Paper and related materials for Lee and Lai (2025). The abstract for the paper is as follows:
Implicit bias refers to automatic mental processes that shape perceptions, judgments, and behaviors. Previous research on ``implicit bias" in LLMs focused primarily on outputs rather than processing. We present the Reasoning Model Implicit Association Test (RM-IAT) to study implicit bias-like patterns in reasoning models–LLMs using step-by-step reasoning for complex tasks. Using RM-IAT, we find o3-mini and DeepSeek R1 require more tokens when processing association-incompatible information, mirroring human implicit bias patterns. Conversely, Claude 3.7 Sonnet displays reversed patterns for race and gender tests, requiring more tokens for association-compatible information. This reversal appears linked to differences in safety mechanism activation, increasing deliberation in sensitive contexts. These findings suggest AI systems can exhibit processing patterns analogous to both human implicit bias and bias correction mechanisms.
Please feel free to send me an email, or open an "Issue" here.

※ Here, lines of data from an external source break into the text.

lemma derived_set_of_singleton: "ultra_topology derived_set_of {x} = {}"
  unfolding derived_set_of_def topspace_ultra_topology openin_ultra_topology
proof safe
  fix p assume "p \<in> points" and
    "\<forall>T. p \<in> T \<and> is_open T \<longrightarrow> (\<exists>q. q \<noteq> p \<and> q \<in> {x} \<and> q \<in> T)"
  then have "x \<noteq> p" "x \<in> nbhd p {index x}"
    using is_open_nbhd[of p "{index x}"] in_nbhd by blast+
  then show "p \<in> {}"
    using R_in_W by (auto simp: nbhd_def)
qed

lemma label_image: "label ` topspace ultra_topology = W"
proof -
  have "v \<in> label ` points" if "v \<in> W" for v
    using that by (metis e_in_points image_eqI label_e)
  then show ?thesis by (auto elim: points_cases)
qed

lemma d_morphism_label: "d_morphism ultra_topology W R label"
  unfolding d_morphism_def
  using continuous_map_label open_map_label crowded_fibre fibre_discrete by blast

lemma T_D_ultra_topology: "T_D ultra_topology"
  unfolding T_D_def by (simp add: derived_set_of_singleton)

lemma is_open_nbhd_diff:
  assumes "x \<in> points" "\<And>v. (label x, v) \<in> R \<Longrightarrow> \<forall>\<^sub>F k in F. e (v, k) \<notin> D"
  shows "is_open (nbhd x {} - D)"
proof (rule is_open_diff[OF is_open_nbhd[OF assms(1) finite.emptyI]])
  fix p v assume "p \<in> nbhd x {} - D" "(label p, v) \<in> R"
  then have "(label x, v) \<in> R"
    using R_in_W trans_R by (auto simp: nbhd_def dest: transD)
  then show "\<forall>\<^sub>F k in F. e (v, k) \<notin> D" by (rule assms(2))
qed
(* Assume Hypothesis (LD). Let $[x]_\rho\subset M_1$ be a closed $\rho$-basic class. Then for every $\theta>0$ there exists $\delta>0$ such that every tuple $\xi=(\xi_0,\dots,\xi_n)$ with $\xi_0,\xi_n\in[x]_\rho$ and $A_n(\xi)\le\delta$ satisfies $\xi_i\in N^\theta([x]_\rho)$ for all $i=0,\dots,n$.
   Context: Setting. Let $M\subset\mathbb{R}^d$ be closed; all topological notions are relative to $M$. Let $F:M\to M$ be continuous with $\|F\|:=\sup_{x\in M}\|F(x)\|<\infty$. For $A\subset M$ and $\delta>0$, put $N^\delta(A)=\{x\in M:\inf_{y\in A}\|x-y\|<\delta\}$, and let $d(x,y)=\max_i|x_i-y_i|$. Let $\{X^\varepsilon\}_{\varepsilon>0}$ be a family of time-homogeneous Markov chains on $M$ with transition kernels $p^\varepsilon(x,\Gamma)$. Assume $M=M_0\cup M_1$ (disjoint), where $M_0$ is closed, $F(M_0)\subseteq M_0$, $F(M_1)\subseteq M_1$, and $p^\varepsilon(x,M_1)=0$ for all $\varepsilon>0$ and $x\in M_0$. $\rho$-chain recurrence. Given $\rho:M\times M\to[0,+\infty]$, for $\xi=(\xi_0,\dots,\xi_n)\in M^{n+1}$ set $A_n(\xi)=\sum_{i=0}^{n-1}\rho(\xi_i,\xi_{i+1})$. Set $B_\rho(x,y)=\inf\{A_n(\xi):n\ge1,\ \xi\in M^{n+1},\ \xi_0=x,\ \xi_n=y\}$. Write $x<_\rho y$ if $B_\rho(x,y)=0$, and $x\sim_\rho y$ if $x<_\rho y$ and $y<_\rho x$. Let $\mathcal{R}_\rho=\{x:x\sim_\rho x\}$. The $\rho$-basic classes are the equivalence classes $[x]_\rho$ of $\sim_\rho$ on $\mathcal{R}_\rho$. Hypothesis (LD). There is $\rho:M\times M\to[0,+\infty]$ such that: (i) $\rho$ is continuous on $M_1\times M$; (ii) $\rho(x,y)=0$ iff $y=F(x)$; (iii) for every $\beta>0$, $\inf\{\rho(x,y):x,y\in M,\ d(F(x),y)>\beta\}>0$; (iv) lower bound: for every compact $K\subset M_1$, every open ball $U$ of $M$ and every $\eta>0$, there is $\varepsilon_0>0$ such that $\varepsilon\log p^\varepsilon(x,U)\ge-\inf_{y\in U}\rho(x,y)-\eta$ for all $x\in K$ and $\varepsilon<\varepsilon_0$; (v) upper bound: for every closed $C\subset M$ and every $\eta>0$, there is $\varepsilon_0>0$ such that $\varepsilon\log p^\varepsilon(x,C)\le-\inf_{y\in C}\rho(x,y)+\eta$ for all $x\in M$ and $\varepsilon<\varepsilon_0$. *)

theory Defs
  imports "HOL-Probability.Probability"
begin

definition dmax :: "real^'d \<Rightarrow> real^'d \<Rightarrow> real" where
  "dmax x y = Max (range (\<lambda>i. \<bar>x $ i - y $ i\<bar>))"

definition nbhd :: "(real^'d) set \<Rightarrow> real \<Rightarrow> (real^'d) set \<Rightarrow> (real^'d) set" where
  "nbhd M \<delta> A = {x \<in> M. (INF y\<in>A. norm (x - y)) < \<delta>}"

definition eln :: "real \<Rightarrow> ereal" where
  "eln p = (if p > 0 then ereal (ln p) else -\<infinity>)"

definition action :: "('a \<Rightarrow> 'a \<Rightarrow> ereal) \<Rightarrow> nat \<Rightarrow> (nat \<Rightarrow> 'a) \<Rightarrow> ereal" where
  "action \<rho> n \<xi> = (\<Sum>i<n. \<rho> (\<xi> i) (\<xi> (Suc i)))"

definition Bcost :: "'a set \<Rightarrow> ('a \<Rightarrow> 'a \<Rightarrow> ereal) \<Rightarrow> 'a \<Rightarrow> 'a \<Rightarrow> ereal" where
  "Bcost M \<rho> x y = (INF p \<in> {(n, \<xi>). n \<ge> 1 \<and> (\<forall>i\<le>n. \<xi> i \<in> M) \<and> \<xi> 0 = x \<and> \<xi> n = y}.
                        action \<rho> (fst p) (snd p))"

All data and code necessary to reproduce the results presented in this paper are publicly available in this repository. This includes the data collection code, raw data, and analysis scripts used in our study. No additional data or resources beyond those contained in this repository are required to replicate our findings.
You may notice that in the naming of conditions used for data collection (i.e., "Stereotype-Consistent" and "Stereotype-Inconsistent") is inconsistent with that found in the Pre-print (i.e., "Association-Compatible" and "Association-Incompatible"). The naming of the conditions were modified during writing so that it captures those that are not about stereotypes. The Young/Old People + Pleasant/Unpleasant RM-IAT, for example, was about attitudes.